WHAT YOU HAVE TO DO |
For the word "lambda", state how many lines of the data include it. Respond with the number only.

Start of Block

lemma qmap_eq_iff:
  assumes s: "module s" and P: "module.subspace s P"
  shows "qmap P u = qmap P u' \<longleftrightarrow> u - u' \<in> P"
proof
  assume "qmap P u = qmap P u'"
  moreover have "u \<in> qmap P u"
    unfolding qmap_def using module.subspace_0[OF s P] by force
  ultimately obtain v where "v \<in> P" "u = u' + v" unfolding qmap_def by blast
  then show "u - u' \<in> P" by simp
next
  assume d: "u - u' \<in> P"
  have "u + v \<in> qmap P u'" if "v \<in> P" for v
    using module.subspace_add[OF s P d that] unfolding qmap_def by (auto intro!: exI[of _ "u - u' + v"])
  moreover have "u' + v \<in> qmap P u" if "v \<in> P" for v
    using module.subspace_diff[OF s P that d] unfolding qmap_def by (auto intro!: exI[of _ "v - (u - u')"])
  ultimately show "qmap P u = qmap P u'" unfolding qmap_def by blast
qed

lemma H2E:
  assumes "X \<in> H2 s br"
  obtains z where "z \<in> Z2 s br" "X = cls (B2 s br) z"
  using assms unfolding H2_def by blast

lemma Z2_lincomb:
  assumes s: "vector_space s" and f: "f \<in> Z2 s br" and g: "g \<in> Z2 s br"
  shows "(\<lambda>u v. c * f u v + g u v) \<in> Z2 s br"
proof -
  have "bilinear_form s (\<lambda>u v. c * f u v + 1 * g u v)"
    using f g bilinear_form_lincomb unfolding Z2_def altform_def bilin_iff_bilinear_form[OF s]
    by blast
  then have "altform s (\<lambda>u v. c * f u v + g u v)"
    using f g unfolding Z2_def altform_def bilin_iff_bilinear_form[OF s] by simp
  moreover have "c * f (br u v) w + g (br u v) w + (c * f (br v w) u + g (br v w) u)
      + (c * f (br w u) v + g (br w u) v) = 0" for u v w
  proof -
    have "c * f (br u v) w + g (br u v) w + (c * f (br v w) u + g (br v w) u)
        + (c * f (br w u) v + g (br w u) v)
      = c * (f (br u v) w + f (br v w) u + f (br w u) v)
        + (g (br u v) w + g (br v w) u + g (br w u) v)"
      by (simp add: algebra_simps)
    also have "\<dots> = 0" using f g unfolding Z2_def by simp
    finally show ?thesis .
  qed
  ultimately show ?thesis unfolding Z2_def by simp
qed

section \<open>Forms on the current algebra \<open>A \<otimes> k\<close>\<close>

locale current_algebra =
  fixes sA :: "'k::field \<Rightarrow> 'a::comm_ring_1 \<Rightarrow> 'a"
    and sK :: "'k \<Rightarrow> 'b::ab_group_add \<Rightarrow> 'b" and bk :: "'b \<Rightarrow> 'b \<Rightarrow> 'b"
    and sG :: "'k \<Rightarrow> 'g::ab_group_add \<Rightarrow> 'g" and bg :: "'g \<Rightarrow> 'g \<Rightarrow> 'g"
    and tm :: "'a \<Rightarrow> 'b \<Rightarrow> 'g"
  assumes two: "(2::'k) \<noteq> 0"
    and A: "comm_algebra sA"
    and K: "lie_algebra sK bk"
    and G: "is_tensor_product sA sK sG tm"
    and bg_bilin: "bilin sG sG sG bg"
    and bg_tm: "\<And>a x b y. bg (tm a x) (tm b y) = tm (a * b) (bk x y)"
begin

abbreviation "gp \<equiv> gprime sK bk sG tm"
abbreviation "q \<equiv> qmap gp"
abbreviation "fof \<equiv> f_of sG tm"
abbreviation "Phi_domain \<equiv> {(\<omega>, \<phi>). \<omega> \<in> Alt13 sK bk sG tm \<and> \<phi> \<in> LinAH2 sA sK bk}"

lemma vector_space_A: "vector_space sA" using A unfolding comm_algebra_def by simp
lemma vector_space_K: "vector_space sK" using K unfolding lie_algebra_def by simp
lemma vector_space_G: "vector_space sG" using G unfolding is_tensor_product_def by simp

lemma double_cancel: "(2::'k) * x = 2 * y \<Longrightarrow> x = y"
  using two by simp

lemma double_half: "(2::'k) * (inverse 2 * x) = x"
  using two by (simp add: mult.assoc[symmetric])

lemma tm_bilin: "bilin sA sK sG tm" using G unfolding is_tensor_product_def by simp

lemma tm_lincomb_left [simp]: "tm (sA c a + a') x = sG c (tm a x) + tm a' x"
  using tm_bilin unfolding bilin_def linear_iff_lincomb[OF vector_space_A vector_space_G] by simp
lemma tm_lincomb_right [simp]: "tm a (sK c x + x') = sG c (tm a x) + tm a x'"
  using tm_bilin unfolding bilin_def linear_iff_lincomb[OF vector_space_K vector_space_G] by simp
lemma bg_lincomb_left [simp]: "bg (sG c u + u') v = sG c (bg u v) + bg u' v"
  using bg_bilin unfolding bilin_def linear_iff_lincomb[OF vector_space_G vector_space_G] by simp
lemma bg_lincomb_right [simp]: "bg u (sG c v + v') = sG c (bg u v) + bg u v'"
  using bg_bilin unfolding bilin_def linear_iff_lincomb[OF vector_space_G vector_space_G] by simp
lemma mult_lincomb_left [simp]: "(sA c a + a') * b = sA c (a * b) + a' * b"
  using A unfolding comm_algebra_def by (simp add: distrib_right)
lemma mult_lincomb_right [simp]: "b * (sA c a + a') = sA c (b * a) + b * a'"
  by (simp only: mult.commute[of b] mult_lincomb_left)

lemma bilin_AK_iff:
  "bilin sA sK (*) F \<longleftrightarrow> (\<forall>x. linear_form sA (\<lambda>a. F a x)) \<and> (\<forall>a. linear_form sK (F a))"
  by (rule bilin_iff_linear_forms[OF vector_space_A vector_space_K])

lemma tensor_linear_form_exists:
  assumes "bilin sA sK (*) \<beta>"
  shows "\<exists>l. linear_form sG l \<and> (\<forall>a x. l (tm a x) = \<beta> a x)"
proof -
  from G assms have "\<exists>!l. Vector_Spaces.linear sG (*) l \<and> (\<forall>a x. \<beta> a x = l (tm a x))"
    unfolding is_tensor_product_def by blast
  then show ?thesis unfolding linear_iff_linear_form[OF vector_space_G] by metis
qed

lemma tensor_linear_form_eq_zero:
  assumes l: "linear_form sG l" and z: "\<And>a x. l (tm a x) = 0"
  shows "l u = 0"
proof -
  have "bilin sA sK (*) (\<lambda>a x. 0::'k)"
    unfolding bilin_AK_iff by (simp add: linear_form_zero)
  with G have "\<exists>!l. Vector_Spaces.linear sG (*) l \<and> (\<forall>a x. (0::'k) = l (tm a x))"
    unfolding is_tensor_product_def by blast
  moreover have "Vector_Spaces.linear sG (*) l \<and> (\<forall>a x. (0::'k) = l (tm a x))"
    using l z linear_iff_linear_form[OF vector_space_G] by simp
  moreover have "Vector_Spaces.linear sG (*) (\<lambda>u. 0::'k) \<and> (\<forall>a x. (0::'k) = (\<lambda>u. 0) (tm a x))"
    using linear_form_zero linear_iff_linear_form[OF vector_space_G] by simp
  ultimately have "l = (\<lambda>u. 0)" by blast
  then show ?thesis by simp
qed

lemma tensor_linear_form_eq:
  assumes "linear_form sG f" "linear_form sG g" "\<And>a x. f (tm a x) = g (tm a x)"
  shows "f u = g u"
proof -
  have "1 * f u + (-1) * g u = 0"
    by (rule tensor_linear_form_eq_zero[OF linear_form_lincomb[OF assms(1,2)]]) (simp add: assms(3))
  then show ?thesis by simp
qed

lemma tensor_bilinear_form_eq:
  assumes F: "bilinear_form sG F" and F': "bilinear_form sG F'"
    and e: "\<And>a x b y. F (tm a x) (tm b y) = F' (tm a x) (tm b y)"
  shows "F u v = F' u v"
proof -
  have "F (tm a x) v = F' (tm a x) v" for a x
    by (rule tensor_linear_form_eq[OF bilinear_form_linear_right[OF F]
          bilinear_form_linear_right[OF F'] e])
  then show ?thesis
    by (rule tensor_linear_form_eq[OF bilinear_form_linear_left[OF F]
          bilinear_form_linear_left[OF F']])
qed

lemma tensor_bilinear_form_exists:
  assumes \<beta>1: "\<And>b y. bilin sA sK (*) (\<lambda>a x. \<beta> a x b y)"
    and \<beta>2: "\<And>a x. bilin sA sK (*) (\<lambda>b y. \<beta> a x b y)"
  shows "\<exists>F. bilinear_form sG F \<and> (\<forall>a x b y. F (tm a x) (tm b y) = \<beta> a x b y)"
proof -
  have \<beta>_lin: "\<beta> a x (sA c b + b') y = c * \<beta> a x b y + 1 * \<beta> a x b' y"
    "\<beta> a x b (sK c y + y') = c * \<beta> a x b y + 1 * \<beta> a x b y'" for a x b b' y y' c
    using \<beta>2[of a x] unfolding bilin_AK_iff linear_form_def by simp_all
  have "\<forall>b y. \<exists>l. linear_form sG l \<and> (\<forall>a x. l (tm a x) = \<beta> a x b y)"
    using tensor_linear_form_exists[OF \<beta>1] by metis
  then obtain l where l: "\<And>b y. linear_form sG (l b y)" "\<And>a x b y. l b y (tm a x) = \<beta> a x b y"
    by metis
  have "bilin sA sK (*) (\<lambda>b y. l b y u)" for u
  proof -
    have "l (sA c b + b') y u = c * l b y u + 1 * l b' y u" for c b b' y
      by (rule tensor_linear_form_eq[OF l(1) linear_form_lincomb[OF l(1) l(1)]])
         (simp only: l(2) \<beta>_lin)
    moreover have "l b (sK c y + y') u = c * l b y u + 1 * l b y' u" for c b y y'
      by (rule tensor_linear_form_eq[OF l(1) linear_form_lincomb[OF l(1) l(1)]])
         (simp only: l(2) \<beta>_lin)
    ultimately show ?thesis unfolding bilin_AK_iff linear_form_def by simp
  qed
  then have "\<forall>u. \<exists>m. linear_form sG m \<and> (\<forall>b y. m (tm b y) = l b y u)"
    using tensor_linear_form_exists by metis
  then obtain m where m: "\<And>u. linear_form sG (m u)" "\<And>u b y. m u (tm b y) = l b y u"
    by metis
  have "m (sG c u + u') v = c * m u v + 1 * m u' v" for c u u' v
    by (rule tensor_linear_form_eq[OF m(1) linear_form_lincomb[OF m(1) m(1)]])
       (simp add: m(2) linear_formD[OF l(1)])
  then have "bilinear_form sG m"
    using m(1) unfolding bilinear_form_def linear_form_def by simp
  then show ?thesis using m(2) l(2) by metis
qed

End of Block

SOLUTION FOR THIS TASK |
10